Skin irAEs could predict the efficacy of anti-PD-1 monoclonal antibodies in some solid tumors [29,30,31]. In this study, RCCEP occurrence was significantly correlated with response to camrelizumab. ORR was 19.3% vs. 5.6% in patients with vs. without RCCEP. In addition, significant associations were observed between RCCEP occurrence with prolonged PFS and OS, suggesting that patients with RCCEP had better prognoses. Therefore, RCCEP may become a clinical biomarker for predicting efficacy of camrelizumab.

Most RCCEP did not require special treatment. RCCEP was insensitive to glucocorticoids, and most lesions spontaneously resolved within 1.6 months after discontinuation of camrelizumab. If the nodule is large, and rupture and bleeding occur, Yunnan Baiyao powder can be given for local hemostasis, and mupirocin ointment can be given, if necessary, to prevent infection. Minor resection or laser treatment can be adopted for a few patients. If skin infection occurs, local or systemic antibiotic treatment should be conducted. When grade of RCCEP decreases to grade 1, camrelizumab administration can be resumed as appropriate.
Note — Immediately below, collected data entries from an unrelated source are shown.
(* Let $m$ and $K\ge0$ be integers with $2^K<m\le 2^{K+1}$, and let $n\ge0$ be an integer. Then the integer $$\prod_{j=1}^{m-1}\prod_{i=1}^{j}\frac{2n+i+j}{i+j}$$ is odd if and only if $n\equiv0\pmod{2^{K+1}}$ or $n\equiv -m\pmod{2^{K+1}}$.
   Context: This product equals the Hankel determinant $\det\left(C_{i+j+m}\right)_{i,j=0}^{n-1}$ of the Catalan numbers $C_k=\frac{1}{k+1}\binom{2k}{k}$, in particular it is an integer. *)

theory Defs
  imports Complex_Main "HOL-Number_Theory.Cong"
begin

definition catalan_hankel_prod :: "nat \<Rightarrow> nat \<Rightarrow> rat" where
  "catalan_hankel_prod m n =
     (\<Prod>j\<in>{1..<m}. \<Prod>i\<in>{1..j}. (of_nat (2*n + i + j) / of_nat (i + j)))"

end

theory Submission
  imports Defs
begin

(* Write the product as A / B, where A = prod (2n+i+j) and B is the same product at n = 0.
   Counting multiples of p^k among the factors gives v_p(A) - v_p(B) = sum_k S(p^k, m-1, n), where
   S(q, L, n) = defect_sum q L n is the sum over 1 <= j <= L of
   floor((2n+2j)/q) + floor(j/q) - floor((2n+j)/q) - floor(2j/q).
   S is q-periodic in L and in n, and on the fundamental domain it is an explicit piecewise linear
   expression, which is nonnegative; so B divides A, and A / B is odd iff S(2^k, m-1, n) = 0 for all k.
   If 2^(K+1) divides n or n+m, these all vanish: for 2^k dividing 2^(K+1) by periodicity, and for
   2^k = 2h with 2^(K+1) dividing h because S(2h, L, n) = 0 iff n mod h + L < h. Otherwise the
   modulus 2^(K+1) or 2^(K+2) gives a nonzero term. *)

lemma sum_lessThan_div_shift:
  assumes "0 < (q::nat)"
  shows "(\<Sum>i<q. (x + i) div q) = x"
proof (induction x)
  case 0
  show ?case by simp
next
  case (Suc x)
  obtain q' where q: "q = Suc q'" using assms by (cases q) auto
  let ?f = "\<lambda>i. (x + i) div q"
  have "(\<Sum>i<q. (Suc x + i) div q) = (\<Sum>i<q'. ?f (Suc i)) + ?f q"
    using q by simp
  also have "?f q = ?f 0 + 1"
    using assms by simp
  also have "(\<Sum>i<q'. ?f (Suc i)) + (?f 0 + 1) = (\<Sum>i<q. ?f i) + 1"
    unfolding q sum.lessThan_Suc_shift by simp
  finally show ?case
    using Suc by simp
qed

lemma div_double_eq:
  assumes "0 < (q::nat)"
  shows "(2 * y) div q = y div q + (y + q div 2) div q"
proof -
  define r where "r = y mod q"
  have y: "y = r + (y div q) * q" and r: "r < q"
    using assms by (simp_all add: r_def)
  have "(2 * y) div q = 2 * (y div q) + (2 * r) div q"
    using assms by (subst y) (simp add: algebra_simps)
  moreover have "(y + q div 2) div q = y div q + (r + q div 2) div q"
    using assms by (subst y) (simp add: add.assoc[symmetric] add.commute[of _ "q div 2"])
  moreover have "(2 * r) div q = (r + q div 2) div q"
    using r by (cases "2 * r < q") (auto simp: div_less le_div_geq div_eq_0_iff)
  ultimately show ?thesis by simp
qed

lemma periodic_eq_mod:
  assumes "\<And>x. f (x + q) = f (x::nat)"
  shows "f x = f (x mod q)"
proof -
  have "f (r + q * c) = f r" for r c
    using assms[of "r + q * _"] by (induction c) (simp_all add: algebra_simps)
  from this[of "x mod q" "x div q"] show ?thesis by simp
qed

(* By the counting lemma sum_dvd_indicator_eq_div_diff, defect q n j is the number of i in {1..j}
   with q dividing 2n+i+j minus the number with q dividing i+j. *)
definition defect :: "nat \<Rightarrow> nat \<Rightarrow> nat \<Rightarrow> int" where
  "defect q n j = int ((2*n + 2*j) div q) + int (j div q) - int ((2*n + j) div q) - int ((2*j) div q)"

definition defect_sum :: "nat \<Rightarrow> nat \<Rightarrow> nat \<Rightarrow> int" where
  "defect_sum q L n = (\<Sum>j=1..L. defect q n j)"

lemma defect_eq_half_shift:
  assumes "0 < q"
  shows "defect q n j = int ((n + j) div q) + int ((n + q div 2 + j) div q)
    - int ((2*n + j) div q) - int ((q div 2 + j) div q)"
  using div_double_eq[OF assms, of "n + j"] div_double_eq[OF assms, of j]
  by (simp add: defect_def algebra_simps)

lemma defect_sum_mod_right:
  assumes "0 < q"
  shows "defect_sum q L n = defect_sum q L (n mod q)"
proof (rule periodic_eq_mod)
  have "defect q (n + q) j = defect q n j" for n j
  proof -
    have "2 * (n + q) + k = (2 * n + k) + 2 * q" for k
      by simp
    then show ?thesis
      using assms by (simp only: defect_def div_mult_self2) simp
  qed
  then show "defect_sum q L (n + q) = defect_sum q L n" for n
    by (simp add: defect_sum_def)
qed

lemma sum_defect_window:
  assumes "0 < q"
  shows "(\<Sum>i<q. defect q n (L + 1 + i)) = 0"
proof -
  have "(\<Sum>i<q. defect q n (L + 1 + i)) =
      (\<Sum>i<q. int ((n + L + 1 + i) div q)) + (\<Sum>i<q. int ((n + q div 2 + L + 1 + i) div q))
    - (\<Sum>i<q. int ((2*n + L + 1 + i) div q)) - (\<Sum>i<q. int ((q div 2 + L + 1 + i) div q))"
    by (simp only: defect_eq_half_shift[OF assms] sum.distrib sum_subtractf) (simp add: algebra_simps)
  also have "\<dots> = 0"
    unfolding of_nat_sum[symmetric] sum_lessThan_div_shift[OF assms] by simp
  finally show ?thesis .
qed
The major limitation of this study is that mechanism of RCCEP occurrence is still unclear, but may be attributed to immune stress responses of the cutaneous capillary endothelial cells.

Conclusion

RCCEP was a common irAE of camrelizumab, which mainly occurred on the skin of the head, face, and trunk. It had unique morphological features and often spontaneously regressed or necrosed and fell off after treatment discontinuation. RCCEP occurrence was closely related to the objective response and PFS and OS benefits of camrelizumab treatment, which requires further investigations.